It was in the early 1980’s after the assassination of Dr. Walter Rodney during the Burnhamite dictatorship that the PPP was debating whether to confront or have dialogue with the ruling PNC.This debate took the form of county conferences and at the Berbice conference, speaker after speaker that supported dialogue reduced the notion that confronting the PNC only meant armed struggle and repeatedly used the old worn and abused Marxist maxim of the subjective and objective condition not being conducive to that type of struggle.
Our alternate proposal was that confrontation is multi-dimensional and includes all form of extra parliamentary struggles, such as civil disobedience, picketing, marches etc., and metaphorically, I raised my arms to indicate that if it does come to that, we do have arms. This symbolic gesture raised the tempo somewhat in favor of confrontation.
Moses, a proponent of dialogue, was quick on the counter attack and said, “Yes we need arms, but first you have to have brains to make a revolution”. I did not follow the thinking of his brain then for dialogue, and certainly do not now by his junior coalition with the PNC.

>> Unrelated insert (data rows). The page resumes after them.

lemma xi_ee_before_less_after:
  assumes "2 \<le> card V2" "W \<noteq> {}" "ecc V1 E1 u \<le> ecc V2 E2 w"
  shows "xi_ee verts (edges v) < xi_ee verts (edges w)"
proof -
  define ratio where "ratio E x = real (degree verts E x) / real (ecc verts E x)" for E x
  have ecc_pos_after: "0 < ecc verts (edges w) x" if "x \<in> verts" for x
  proof -
    obtain y where "y \<in> verts" "y \<noteq> x"
      using that verts_members(1,2) distinct_vertices(2) by metis
    then show ?thesis
      using ecc_pos[OF finite_verts] reachable_edges[of w x] that by simp
  qed
  note ecc_mono = ecc_after_le_before[OF assms]
  have "ratio (edges v) x \<le> ratio (edges w) x" if x: "x \<in> verts - {v, w}" for x
  proof -
    have "degree verts (edges v) x = degree verts (edges w) x"
      using x degree_pendant[of v x] degree_pendant[of w x] degree_off_centre[of x v]
        degree_off_centre[of x w]
      by (cases "x \<in> W") auto
    then show ?thesis
      using ecc_mono[of x] ecc_pos_after[of x] x by (simp add: ratio_def frac_le)
  qed
  moreover have "ratio (edges v) v + ratio (edges v) w < ratio (edges w) v + ratio (edges w) w"
  proof -
    have "ecc verts (edges w) w < ecc verts (edges v) v"
      using ecc_after_at_w[OF assms(1,3)] ecc_pendant_before[of v] by simp
    moreover have "0 < card W"
      using assms(2) finite_W by (simp add: card_gt_0_iff)
    ultimately show ?thesis
      using ratio_transfer_less[of "degree verts core_edges v" "degree verts core_edges w"
          "card W" "ecc verts (edges w) v" "ecc verts (edges v) v"
          "ecc verts (edges w) w" "ecc verts (edges v) w"]
        ecc_mono[of v] ecc_mono[of w] ecc_pos_after[of v] ecc_pos_after[of w]
      by (simp add: ratio_def degree_centre degree_off_centre)
  qed
  ultimately have "sum (ratio (edges v)) verts < sum (ratio (edges w)) verts"
    by (rule sum_less_two_points[OF finite_verts verts_members(2,3) distinct_vertices(3)])
  then show ?thesis
    by (simp add: xi_ee_def ratio_def)
qed

end

theorem theorem3p5:
  fixes V1 V2 W :: "'a set" and E1 E2 :: "'a set set" and u w v :: 'a and k :: nat
  assumes H1: "connected_graph V1 E1"
    and H2: "connected_graph V2 E2"
    and disj: "V1 \<inter> V2 = {}"
    and u: "u \<in> V1" and w: "w \<in> V2"
    and H2_two: "card V2 \<ge> 2"
    and v_new: "v \<notin> V1 \<union> V2"
    and W_new: "W \<inter> (V1 \<union> V2 \<union> {v}) = {}"
    and W_fin: "finite W" and W_card: "card W = k" and k: "k \<ge> 1"
    and ecc_ge: "ecc V2 E2 w \<ge> ecc V1 E1 u"
  shows "xi_ee (V1 \<union> V2 \<union> {v} \<union> W)
            (E1 \<union> E2 \<union> {{u, w}, {u, v}} \<union> {{v, z} | z. z \<in> W})
       < xi_ee (V1 \<union> V2 \<union> {v} \<union> W)
            (E1 \<union> E2 \<union> {{u, w}, {u, v}} \<union> {{w, z} | z. z \<in> W})"
proof -
  interpret pendant_transfer V1 V2 W E1 E2 u w v
    using H1 H2 disj u w v_new W_new W_fin by unfold_locales
  have "W \<noteq> {}"
    using W_card k by auto
  then show ?thesis
    using xi_ee_before_less_after[OF H2_two _ ecc_ge]
    unfolding verts_def edges_def core_edges_def by simp
qed

end
text \<open>bar psi_t computed from bar phi_{t+1} (t \<le> T-2).\<close>
definition psifrom :: "'a invmodel \<Rightarrow> real \<Rightarrow> (nat \<Rightarrow> real) \<Rightarrow> nat
     \<Rightarrow> (real \<Rightarrow> real \<Rightarrow> real) \<Rightarrow> real \<Rightarrow> real \<Rightarrow> real" where
  "psifrom P \<theta> \<gamma> t \<phi> x y =
    (if y < sv P \<theta> (Suc t) - \<theta> then \<gamma> t * x
     else \<gamma> t * x + disc P *
       (\<Sum>m \<in> {-1 .. (THE n. zg \<theta> (n - 1) \<le> y - sv P \<theta> (Suc t) \<and>
                                y - sv P \<theta> (Suc t) < zg \<theta> n) - 1}.
           \<phi> x (y - zg \<theta> m) * fg P \<theta> t m))"

text \<open>bar phi_t computed from bar psi_t (t \<le> T-2).\<close>
definition phifrom :: "real \<Rightarrow> real \<Rightarrow> (real \<Rightarrow> real \<Rightarrow> real) \<Rightarrow> real \<Rightarrow> real \<Rightarrow> real" where
  "phifrom \<theta> st \<psi> x y =
    (if y < st then 0 else if y - x < st then \<psi> (y - st + \<theta>) y else \<psi> x y)"

text \<open>Backward recursion: phi_aux j = bar phi_{T-1-j}.\<close>
primrec phi_aux :: "'a invmodel \<Rightarrow> real \<Rightarrow> (nat \<Rightarrow> real) \<Rightarrow> nat \<Rightarrow> real \<Rightarrow> real \<Rightarrow> real" where
  "phi_aux P \<theta> \<gamma> 0 =
     (\<lambda>x y. if y < sv P \<theta> (hor P - 1) then 0 else \<gamma> (hor P - 1) * x)"
| "phi_aux P \<theta> \<gamma> (Suc j) =
     (let t = hor P - 2 - j in
        phifrom \<theta> (sv P \<theta> t) (psifrom P \<theta> \<gamma> t (phi_aux P \<theta> \<gamma> j)))"

definition phibar :: "'a invmodel \<Rightarrow> real \<Rightarrow> (nat \<Rightarrow> real) \<Rightarrow> nat \<Rightarrow> real \<Rightarrow> real \<Rightarrow> real" where
  "phibar P \<theta> \<gamma> t = phi_aux P \<theta> \<gamma> (hor P - 1 - t)"

definition psibar :: "'a invmodel \<Rightarrow> real \<Rightarrow> (nat \<Rightarrow> real) \<Rightarrow> nat \<Rightarrow> real \<Rightarrow> real \<Rightarrow> real" where
  "psibar P \<theta> \<gamma> t = (if hor P - 1 \<le> t then (\<lambda>x y. \<gamma> t * x)
                       else psifrom P \<theta> \<gamma> t (phibar P \<theta> \<gamma> (Suc t)))"

end

theory Submission
  imports Defs
begin

text \<open>On the event \<open>z\<^sub>n < D\<^sub>t \<le> z\<^sub>n\<^sub>+\<^sub>1\<close> the points \<open>x - D\<^sub>t\<close> and \<open>x - z\<^sub>n\<close> lie in adjacent grid
  cells, so \<open>A\<^sub>t\<^sub>+\<^sub>1(x)\<close>, the error of discretising \<open>E[V\<^sub>t\<^sub>+\<^sub>1(x - D\<^sub>t)]\<close> on the grid, is at most
  twice the oscillation of \<open>V\<^sub>t\<^sub>+\<^sub>1\<close> on the cell of \<open>x - z\<^sub>n\<close>, summed against \<open>f\<^sub>t(n)\<close>; far to
  the left \<open>V\<^sub>t\<^sub>+\<^sub>1\<close> is constant, so only finitely many cells contribute.
  That \<open>V\<^sub>t\<close> oscillates by at most \<open>\<phi>\<^sub>t(\<theta>, z\<^sub>j)\<close> on \<open>[z\<^sub>j\<^sub>-\<^sub>1, z\<^sub>j]\<close> (the upper estimate
  \<open>\<phi>\<close> with a bar in the paper), and that \<open>j \<mapsto> \<phi>\<^sub>t(\<theta>, z\<^sub>j)\<close> is nonnegative and nondecreasing,
  follows by backward induction on \<open>t\<close>: above \<open>s\<^sub>t\<close> we have \<open>V\<^sub>t = H\<^sub>t\<close>, whose oscillation is that
  of \<open>C\<^sub>t\<close> (at most \<open>\<gamma>\<^sub>t\<theta>\<close>) plus \<open>\<alpha>\<close> times the averaged oscillation of \<open>V\<^sub>t\<^sub>+\<^sub>1\<close>, which is
  \<open>\<psi>\<^sub>t(\<theta>, z\<^sub>j)\<close>; below \<open>s\<^sub>t\<close> it is constant; and the jump at \<open>s\<^sub>t\<close> is controlled by
  \<open>H\<^sub>t(S\<^sub>t) + K\<^sub>t < H\<^sub>t(s\<^sub>t - \<theta>)\<close>. Summing the cell bounds gives
  \<open>\<alpha> A\<^sub>t\<^sub>+\<^sub>1(x) \<le> 2\<alpha> \<Sum>\<^sub>n \<phi>\<^sub>t\<^sub>+\<^sub>1(\<theta>, z\<^sub>k - z\<^sub>n) f\<^sub>t(n) = 2(\<psi>\<^sub>t(\<theta>, z\<^sub>k) - \<gamma>\<^sub>t\<theta>)\<close>.\<close>

lemma zg_diff: "zg \<theta> (a - b) = zg \<theta> a - zg \<theta> b"
  and zg_succ: "zg \<theta> (a + 1) = zg \<theta> a + \<theta>"
  and zg_pred: "zg \<theta> (a - 1) = zg \<theta> a - \<theta>"
  by (simp_all add: zg_def algebra_simps)

lemma zg_le_iff: "0 < \<theta> \<Longrightarrow> zg \<theta> a \<le> zg \<theta> b \<longleftrightarrow> a \<le> b"
  and zg_less_iff: "0 < \<theta> \<Longrightarrow> zg \<theta> a < zg \<theta> b \<longleftrightarrow> a < b"
  by (simp_all add: zg_def)

lemma zg_of_nat_pred_ge: "0 < \<theta> \<Longrightarrow> - \<theta> \<le> zg \<theta> (int m - 1)"
  by (simp add: zg_def algebra_simps)

lemma zg_floor_le: "0 < \<theta> \<Longrightarrow> zg \<theta> \<lfloor>v / \<theta>\<rfloor> \<le> v"
  unfolding zg_def by (metis floor_divide_lower)

lemma less_zg_floor_succ: "0 < \<theta> \<Longrightarrow> v < zg \<theta> (\<lfloor>v / \<theta>\<rfloor> + 1)"
  unfolding zg_def by (metis floor_divide_upper of_int_1 of_int_add)

lemma le_zg_ceiling: "0 < \<theta> \<Longrightarrow> v \<le> zg \<theta> \<lceil>v / \<theta>\<rceil>"
  unfolding zg_def by (metis ceiling_divide_upper)

lemma zg_ceiling_pred_less: "0 < \<theta> \<Longrightarrow> zg \<theta> (\<lceil>v / \<theta>\<rceil> - 1) < v"
  unfolding zg_def by (metis ceiling_divide_lower of_int_1 of_int_diff)

lemma the_grid_cell:
  assumes "0 < \<theta>"
  shows "(THE n. zg \<theta> (n - 1) \<le> w \<and> w < zg \<theta> n) = \<lfloor>w / \<theta>\<rfloor> + 1"
proof (rule the_equality)
  show "zg \<theta> (\<lfloor>w / \<theta>\<rfloor> + 1 - 1) \<le> w \<and> w < zg \<theta> (\<lfloor>w / \<theta>\<rfloor> + 1)"
    using zg_floor_le less_zg_floor_succ assms by simp
next
  fix n assume n: "zg \<theta> (n - 1) \<le> w \<and> w < zg \<theta> n"
  then have "zg \<theta> (n - 1) < zg \<theta> (\<lfloor>w / \<theta>\<rfloor> + 1)" "zg \<theta> \<lfloor>w / \<theta>\<rfloor> < zg \<theta> n"
    using zg_floor_le[OF assms, of w] less_zg_floor_succ[OF assms, of w] by linarith+
  then show "n = \<lfloor>w / \<theta>\<rfloor> + 1"
    using assms by (simp add: zg_less_iff)
qed

lemma int_bounded_above_has_greatest:
  fixes Q :: "int \<Rightarrow> bool"
  assumes "Q m\<^sub>0" "\<And>m. Q m \<Longrightarrow> m \<le> B"
  shows "\<exists>m. Q m \<and> (\<forall>n. Q n \<longrightarrow> n \<le> m)"
proof -
  let ?S = "{m. Q m \<and> m\<^sub>0 \<le> m}"
  have "finite ?S" by (rule finite_subset[of _ "{m\<^sub>0..B}"]) (use assms in auto)
  moreover have "m\<^sub>0 \<in> ?S" using assms by auto
  ultimately show ?thesis
    by (intro exI[of _ "Max ?S"]) (metis (mono_tags, lifting) Max_ge Max_in empty_iff
        mem_Collect_eq nle_le order_trans)
qed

Most of the prominent members of the present PNC were former ministers, presidential advisers, police and army officers during the Burnham regime. The nature of that monster has not changed; we just need to reflect on how the delegates of the Linden PNC were treated at their last congress to understand the dominating nature of the leadership of the PNC when you hold a different view-point.
I am still trying to figure out how Moses’s brains would tell him that the PNC will treat his party different when their views do not coincide. The dictatorial tendencies of the PNC is just at a sub-surface level; and once they are in the driving sea, there is no guarantee that they will act democratically. The lust for power sometimes makes us sell our noble principles to the altar of opportunism, and in the favorite word of Guyana’s only anarchist, maybe Moses’s brain might be having some amount of miasma.